Setelah satu jam pertama setelah trauma, pasien dengan cedera kaki dan
pergelangan kaki yang parah harus dinilai untuk semua parameter lokal dan
sistemik dan memiliki algoritma pengobatan didefinisikan: perawatan total dini dan
pengobatan bertahap. Pengobatan bertahap sendiri terdiri dari pengobatan awal dan
pengobatan pasti. Pengobatan awal atau pendekatan awal untuk cedera kaki yang
kompleks sudah jelas tujuan dan dibagi menjadi tiga bagian, yaitu: mencegah
perkembangan iskemia dan nekrosis, mencegah infeksi, dan memutuskan antara
amputasi dan rekonstruksi
Hasil:
Hasil penelitian menunjukkan sebuah studi multisenter prospektif menyelidiki hasil
fungsional dari 569 pasien dengan cedera ekstremitas bawah yang parah,
mengakibatkan rekonstruksi atau amputasi. Dalam dua tahun perawatan lebih
lanjut, tidak ada perbedaan signifikan antara amputasi dan kelompok rekonstruksi
unttuk skor dan waktu untuk kembali bekerja. Para pasien yang menjalani
rekonstruksi memiliki tingkat penerimaan kembali ke rumah sakit yang lebij tinggi.
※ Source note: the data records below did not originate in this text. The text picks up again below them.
text \<open>The reflection \<open>u \<mapsto> u\<^sub>1 + u\<^sub>2 - u\<close> reverses the order and swaps \<open>u\<^sub>1\<close> and \<open>u\<^sub>2\<close>, so it
  exchanges least upper bounds and greatest lower bounds of \<open>u\<^sub>1, u\<^sub>2\<close> as long as only elements of
  the order interval \<open>[0, u\<^sub>1 + u\<^sub>2]\<close> are involved; for lower bounds this is automatic, and an upper
  bound \<open>u\<close> outside that interval is handled by passing to the greatest lower bound of \<open>u\<close> and the
  candidate.  Once least upper and greatest lower bounds exist, they minimise the norm (resp. the
  distance to \<open>max(u\<^sub>1, u\<^sub>2)\<close>) over the sets defining \<open>max\<close> and \<open>min\<close>, because the norm is monotone
  on the positive cone; strict convexity makes such minimisers unique.\<close>

lemma strictly_convex_midpoint_norm_less:
  fixes x y :: "'a::real_normed_vector"
  assumes "strictly_convex_space TYPE('a)" and "norm x = norm y" and "x \<noteq> y"
  shows "norm ((1/2) *\<^sub>R (x + y)) < norm x"
proof -
  define r where "r = norm x"
  have "r > 0"
    using assms(2,3) unfolding r_def by (metis norm_eq_zero norm_ge_zero order_less_le)
  then have "norm ((1/r) *\<^sub>R x) = 1" "norm ((1/r) *\<^sub>R y) = 1" "(1/r) *\<^sub>R x \<noteq> (1/r) *\<^sub>R y"
    using assms(2,3) unfolding r_def by auto
  then have "norm ((1/2) *\<^sub>R ((1/r) *\<^sub>R x + (1/r) *\<^sub>R y)) < 1"
    using assms(1) unfolding strictly_convex_space_def by blast
  also have "(1/2) *\<^sub>R ((1/r) *\<^sub>R x + (1/r) *\<^sub>R y) = (1/r) *\<^sub>R ((1/2) *\<^sub>R (x + y))"
    by (simp add: algebra_simps)
  finally show ?thesis
    using \<open>r > 0\<close> unfolding r_def by (simp add: divide_less_eq)
qed

lemma strictly_convex_nearest_point_unique:
  fixes x y c :: "'a::real_normed_vector"
  assumes "strictly_convex_space TYPE('a)" and "convex S" and "x \<in> S" and "y \<in> S"
    and "\<forall>z\<in>S. norm (c - x) \<le> norm (c - z)" and "\<forall>z\<in>S. norm (c - y) \<le> norm (c - z)"
  shows "x = y"
proof (rule ccontr)
  assume "x \<noteq> y"
  have eq: "norm (c - x) = norm (c - y)"
    using assms(3-6) by (simp add: order_antisym)
  have "(1/2) *\<^sub>R x + (1/2) *\<^sub>R y \<in> S"
    using assms(2-4) by (rule convexD) auto
  then have "norm (c - x) \<le> norm (c - ((1/2) *\<^sub>R x + (1/2) *\<^sub>R y))"
    using assms(5) by blast
  also have "c - ((1/2) *\<^sub>R x + (1/2) *\<^sub>R y) = (1/2) *\<^sub>R ((c - x) + (c - y))"
    by (simp add: algebra_simps flip: scaleR_add_left)
  also have "norm \<dots> < norm (c - x)"
    using strictly_convex_midpoint_norm_less[OF assms(1) eq] \<open>x \<noteq> y\<close> by simp
  finally show False by simp
qed

lemma the_nearest_point_eq:
  fixes x c :: "'a::real_normed_vector"
  assumes "strictly_convex_space TYPE('a)" and "convex S" and "x \<in> S"
    and "\<forall>z\<in>S. norm (c - x) \<le> norm (c - z)"
  shows "(THE u. u \<in> S \<and> (\<forall>w\<in>S. norm (c - u) \<le> norm (c - w))) = x"
  using assms strictly_convex_nearest_point_unique[OF assms(1,2)] by (intro the_equality) blast+

locale preordered_subspace =
  fixes iV :: "'a::real_vector \<Rightarrow> 'v::real_vector" and le :: "'v \<Rightarrow> 'v \<Rightarrow> bool"
  assumes linear_preorder: "linear_preorder le" and linear_iV: "linear iV"
begin

lemma preorder_trans: "le a b \<Longrightarrow> le b c \<Longrightarrow> le a c"
  using linear_preorder unfolding linear_preorder_def by blast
Penulis menunjukkan bahwa kualitas hidup pada pasien rekonstruksi anggota tubuh
lebih dapat menerima kenyataan secara psikologis dibandingkan dengan amputasi
pasca trauma, meskipun dilihat dari hal fisik untuk kedua pilihan pengobatan
tersebut adalah sama saja.

Kesimpulan:
Ada banyak perkembangan dalam pengobatan cedera kaki dan pergelangan kaki
yang kompleks selama tiga dekade terakhir. Hasil fungsional akhir perlu
diproyeksikan sejak awal dari pengobatan. Meskipun menyelematkan anggota
tubuh mungkin secara psikologis lebih baik pada prinsipnya, namun kaki kaku,
nyeri dan/atau tidak sensitif tidak berfungsi mungkin mewakili hasil yang jauh lebih
buruk dengan kebutuhan sekunder intervensi. Rawat inap dan rehabilitasi yang
berkepanjangan. Perawatan harus berdasarkan karakter dan kondisi lokal masing-
masing pasien. Jika ahli bedah memilih rekonstruksi pergelangan kaki dan kaki,
fiksasi internal yang stabil dan awal yang lembut cakupan jaringan diikuti oleh
protokol rehabilitasi agresif dan modifikasi alas kaki yang sesuai harus diterapkan
untuk mencapai tujuat pemulihan fungsional secara maksimal. Cedara kaki
kompleks yang sulit diobati dan mungkin memerlukan penanganan tindak lanjut
yang diperpanjang dengan perawatan spesialis.